**WHAT IS REQUIRED:**
Word for word, repeat the lines of the records from the one containing "K > 0 \<and>" through the last line, both included.

= Beginning of Section =

theorem mainTheorem8:
  fixes n :: nat and f :: "real \<Rightarrow> real"
  assumes "n \<ge> 2" and "stable f"
  shows "\<exists>K::nat. K > 0 \<and>
    (\<forall>U0. is_config n U0 \<and> eps_inactive (1/256) n U0 \<and> active n U0 \<longrightarrow>
       (\<exists>s. length s \<le> K \<and> (\<forall>ij\<in>set s. valid_intervention n ij) \<and>
            strictly_convex n (apply_interventions f U0 s)))"
proof -
  obtain c where c: "0 < c" "\<And>a. 1/2 \<le> \<bar>a\<bar> \<Longrightarrow> \<bar>a\<bar> \<le> 1 \<Longrightarrow> c \<le> \<bar>f a\<bar>"
    using stable_abs_bounded_below[OF assms(2)] by blast
  have "1 / (1 + c^2) < 1" using c(1) by (simp add: add_pos_pos)
  then obtain k where k: "(1 / (1 + c^2))^k < 1/64"
    using real_arch_pow_inv[of "1/64"] by auto
  then have "0 < k" by (cases k) auto
  then show ?thesis
    using assms(1) strictly_convex_reachable_if_inactive[OF stable_mult_self_nonneg[OF assms(2)] c(2)]
      c(1) k by (intro exI[of _ "n * k"]) auto
qed

end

= End of Section =

**EXPECTED OUTPUT:**
  shows "\<exists>K::nat. K > 0 \<and>
    (\<forall>U0. is_config n U0 \<and> eps_inactive (1/256) n U0 \<and> active n U0 \<longrightarrow>
       (\<exists>s. length s \<le> K \<and> (\<forall>ij\<in>set s. valid_intervention n ij) \<and>
            strictly_convex n (apply_interventions f U0 s)))"
proof -
  obtain c where c: "0 < c" "\<And>a. 1/2 \<le> \<bar>a\<bar> \<Longrightarrow> \<bar>a\<bar> \<le> 1 \<Longrightarrow> c \<le> \<bar>f a\<bar>"
    using stable_abs_bounded_below[OF assms(2)] by blast
  have "1 / (1 + c^2) < 1" using c(1) by (simp add: add_pos_pos)
  then obtain k where k: "(1 / (1 + c^2))^k < 1/64"
    using real_arch_pow_inv[of "1/64"] by auto
  then have "0 < k" by (cases k) auto
  then show ?thesis
    using assms(1) strictly_convex_reachable_if_inactive[OF stable_mult_self_nonneg[OF assms(2)] c(2)]
      c(1) k by (intro exI[of _ "n * k"]) auto
qed

end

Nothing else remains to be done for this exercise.